lemma p_le_1: "p \<le> 1"
  using K_absorbs[OF start] pmf_le_1[of "K (Some x\<^sub>0)" None] by linarith

lemma survival_le_power: "survival n \<le> (1 - p) ^ n"
proof (induction n)
  case 0
  then show ?case by (simp add: survival_def S_0)
next
  case (Suc n)
  have "survival (Suc n) \<le> (1 - p) * survival n"
    by (rule survival_Suc_le)
  also have "\<dots> \<le> (1 - p) * (1 - p) ^ n"
    using Suc p_le_1 by (intro mult_left_mono) simp_all
  finally show ?case by simp
qed

lemma survival_tendsto_zero:
  shows "survival \<longlonglongrightarrow> 0" and "(\<lambda>n. real n * survival n) \<longlonglongrightarrow> 0"
  using geometric_bound_tendsto_zero[OF survival_nonneg survival_le_power] p_pos p_le_1
  by simp_all

lemma decseq_survival: "decseq survival"
proof (rule decseq_SucI)
  fix n
  have "0 \<le> p * survival n"
    using p_pos survival_nonneg by simp
  then show "survival (Suc n) \<le> survival n"
    using survival_Suc_le[of n] by (simp add: algebra_simps)
qed

lemma SUP_pmf_absorbed_eq_1: "(SUP n. pmf (S n) None) = 1"
proof -
  have "incseq (\<lambda>n. pmf (S n) None)"
    using decseq_survival by (simp add: incseq_def decseq_def survival_def)
  moreover have "bdd_above (range (\<lambda>n. pmf (S n) None))"
    by (rule bdd_aboveI[where M = 1]) (auto simp: pmf_le_1)
  ultimately have "(\<lambda>n. pmf (S n) None) \<longlonglongrightarrow> (SUP n. pmf (S n) None)"
    by (rule LIMSEQ_incseq_SUP[rotated])
  moreover have "(\<lambda>n. pmf (S n) None) \<longlonglongrightarrow> 1"
    using tendsto_diff[OF tendsto_const survival_tendsto_zero(1), of 1] by (simp add: survival_def)
  ultimately show ?thesis
    by (rule LIMSEQ_unique)
qed

end

locale absorbing_chain_potential = absorbing_chain +
  fixes g :: "'a option \<Rightarrow> real" and B :: real
  assumes g_None: "g None = 0" and g_nonneg: "\<And>s. 0 \<le> g s" and g_le: "\<And>s. g s \<le> B"
    and g_potential: "\<And>x. x \<in> V \<Longrightarrow> measure_pmf.expectation (K (Some x)) g = g (Some x) - 1"
begin

definition mean_potential :: "nat \<Rightarrow> real" where
  "mean_potential n = measure_pmf.expectation (S n) g"

lemma integrable_potential: "integrable (measure_pmf M) g"
  by (rule integrable_measure_pmf_bounded[where B = B]) (simp add: g_nonneg g_le)

lemma mean_potential_Suc: "mean_potential (Suc n) = mean_potential n - survival n"
proof -
  have "mean_potential (Suc n)
          = measure_pmf.expectation (S n) (\<lambda>s. measure_pmf.expectation (K s) g)"
    unfolding mean_potential_def S_Suc
    by (rule integral_bind_pmf[where B = B]) (simp add: g_nonneg g_le)
  also have "\<dots> = measure_pmf.expectation (S n) (\<lambda>s. g s - indicator (- {None}) s)"
  proof (rule integral_cong_AE)
    show "AE s in measure_pmf (S n).
            measure_pmf.expectation (K s) g = g s - indicator (- {None}) s"
    proof (rule AE_pmfI)
      fix s
      assume "s \<in> set_pmf (S n)"
      with set_pmf_S consider "s = None" | x where "s = Some x" "x \<in> V" by blast
      then show "measure_pmf.expectation (K s) g = g s - indicator (- {None}) s"
        by cases (simp_all add: K_None g_None g_potential)
    qed
  qed simp_all
  also have "\<dots> = mean_potential n - survival n"
    using integrable_potential integrable_indicator_measure_pmf
    by (subst Bochner_Integration.integral_diff) (simp_all add: mean_potential_def survival_eq_prob)
  finally show ?thesis .
qed

lemma mean_potential_nonneg: "0 \<le> mean_potential n"
  by (simp add: mean_potential_def g_nonneg)

lemma mean_potential_le: "mean_potential n \<le> B * survival n"
proof -
  have "mean_potential n \<le> measure_pmf.expectation (S n) (\<lambda>s. B * indicator (- {None}) s)"
    unfolding mean_potential_def
    by (rule integral_mono[OF integrable_potential
          integrable_mult_right[OF integrable_indicator_measure_pmf]])
       (simp add: g_le g_None split: split_indicator)
  also have "\<dots> = B * survival n"
    by (simp only: integral_mult_right_zero integral_indicator) (simp add: survival_eq_prob)
  finally show ?thesis .
qed

lemma mean_potential_tendsto_zero: "mean_potential \<longlonglongrightarrow> 0"
proof (rule real_tendsto_sandwich[OF _ _ tendsto_const])
  show "(\<lambda>n. B * survival n) \<longlonglongrightarrow> 0"
    using tendsto_mult_right_zero[OF survival_tendsto_zero(1)] .
qed (simp_all add: mean_potential_nonneg mean_potential_le)

theorem expected_absorption_time_eq_potential:
  "(\<Sum>n. ennreal (real (Suc n)) * ennreal (pmf (S (Suc n)) None - pmf (S n) None))
     + \<infinity> * ennreal (1 - (SUP n. pmf (S n) None)) = ennreal (g (Some x\<^sub>0))"
proof -
  let ?a = "\<lambda>n. real (Suc n) * (survival n - survival (Suc n))"
  have sums: "?a sums mean_potential 0"
    using mean_potential_Suc mean_potential_tendsto_zero survival_tendsto_zero(2)
    by (rule sums_Suc_times_decrement)
  have decrement_nonneg: "0 \<le> survival n - survival (Suc n)" for n
    using decseq_survival by (simp add: decseq_Suc_iff)
  have "(\<Sum>n. ennreal (real (Suc n)) * ennreal (pmf (S (Suc n)) None - pmf (S n) None))
          = (\<Sum>n. ennreal (?a n))"
  proof (rule suminf_cong)
    fix n
    have "pmf (S (Suc n)) None - pmf (S n) None = survival n - survival (Suc n)"
      by (simp add: survival_def)
    then show "ennreal (real (Suc n)) * ennreal (pmf (S (Suc n)) None - pmf (S n) None)
                 = ennreal (?a n)"
      by (simp add: ennreal_mult')
  qed
  also have "\<dots> = ennreal (suminf ?a)"
    by (rule suminf_ennreal2[OF mult_nonneg_nonneg[OF _ decrement_nonneg] sums_summable[OF sums]])
       simp
  also have "suminf ?a = g (Some x\<^sub>0)"
    using sums_unique[OF sums] by (simp add: mean_potential_def S_0)
  finally show ?thesis
    by (simp add: SUP_pmf_absorbed_eq_1)
qed

end

lemma less_5_cases: "(n::nat) < 5 \<longleftrightarrow> n = 0 \<or> n = 1 \<or> n = 2 \<or> n = 3 \<or> n = 4"
  by auto

lemma C5_nbrs_simps:
  "C5_nbrs 0 = {1, 4}" "C5_nbrs (Suc 0) = {0, 2}" "C5_nbrs 2 = {1, 3}" "C5_nbrs 3 = {2, 4}"
  "C5_nbrs 4 = {0, 3}"
  by (auto simp: C5_nbrs_def C5_adj_def less_5_cases)

lemma C5_nbrs_less: "v \<in> C5_nbrs u \<Longrightarrow> v < 5"
  by (simp add: C5_nbrs_def C5_adj_def)

lemma finite_C5_nbrs: "finite (C5_nbrs u)"
  using C5_nbrs_less by (auto intro: finite_subset[of _ "{..<5}"])

lemma C5_nbrs_nonempty: "u < 5 \<Longrightarrow> C5_nbrs u \<noteq> {}"
  by (auto simp: less_5_cases C5_nbrs_simps)

lemma card_C5_nbrs: "u < 5 \<Longrightarrow> card (C5_nbrs u) = 2"
  unfolding less_5_cases by (elim disjE) (simp_all add: C5_nbrs_simps)

lemma C5_dist_le_2: "C5_dist u v \<le> 2"
  unfolding C5_dist_def min_le_iff_disj nat_le_iff by presburger

lemma C5_dist_eq_0_iff: "u < 5 \<Longrightarrow> v < 5 \<Longrightarrow> C5_dist u v = 0 \<longleftrightarrow> u = v"
  unfolding less_5_cases by (elim disjE) (simp_all add: C5_dist_def)

definition C5_step_toward :: "nat \<Rightarrow> nat \<Rightarrow> nat" where
  "C5_step_toward u v = (if (v + 5 - u) mod 5 \<le> 2 then (u + 1) mod 5 else (u + 4) mod 5)"

lemma C5_step_toward_less: "C5_step_toward u v < 5"
  by (simp add: C5_step_toward_def)

lemma C5_closer_nbrs:
  assumes "u < 5" "v < 5" "u \<noteq> v"
  shows "{w \<in> C5_nbrs u. C5_dist w v < C5_dist u v} = {C5_step_toward u v}"
  using assms unfolding less_5_cases
  by (elim disjE) (auto simp: C5_nbrs_simps C5_dist_def C5_step_toward_def)

definition game_state :: "nat \<Rightarrow> nat \<Rightarrow> gstate" where
  "game_state c r = (if c = r then None else Some (c, r))"

definition live_states :: "(nat \<times> nat) set" where
  "live_states = {(c, r). c < 5 \<and> r < 5 \<and> c \<noteq> r}"

lemma game_state_in_live_states:
  "c < 5 \<Longrightarrow> r < 5 \<Longrightarrow> game_state c r \<in> insert None (Some ` live_states)"
  by (auto simp: game_state_def live_states_def)

definition state_dist :: "gstate \<Rightarrow> nat" where
  "state_dist s = (case s of None \<Rightarrow> 0 | Some (c, r) \<Rightarrow> C5_dist c r)"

┄┄┄┄┄┄┄┄┄┄┄┄┄┄┄┄┄┄┄┄

Task instructions:
Report the number of lines, in the entries above, that contain the word "moreover", without any other text.

Task result:
2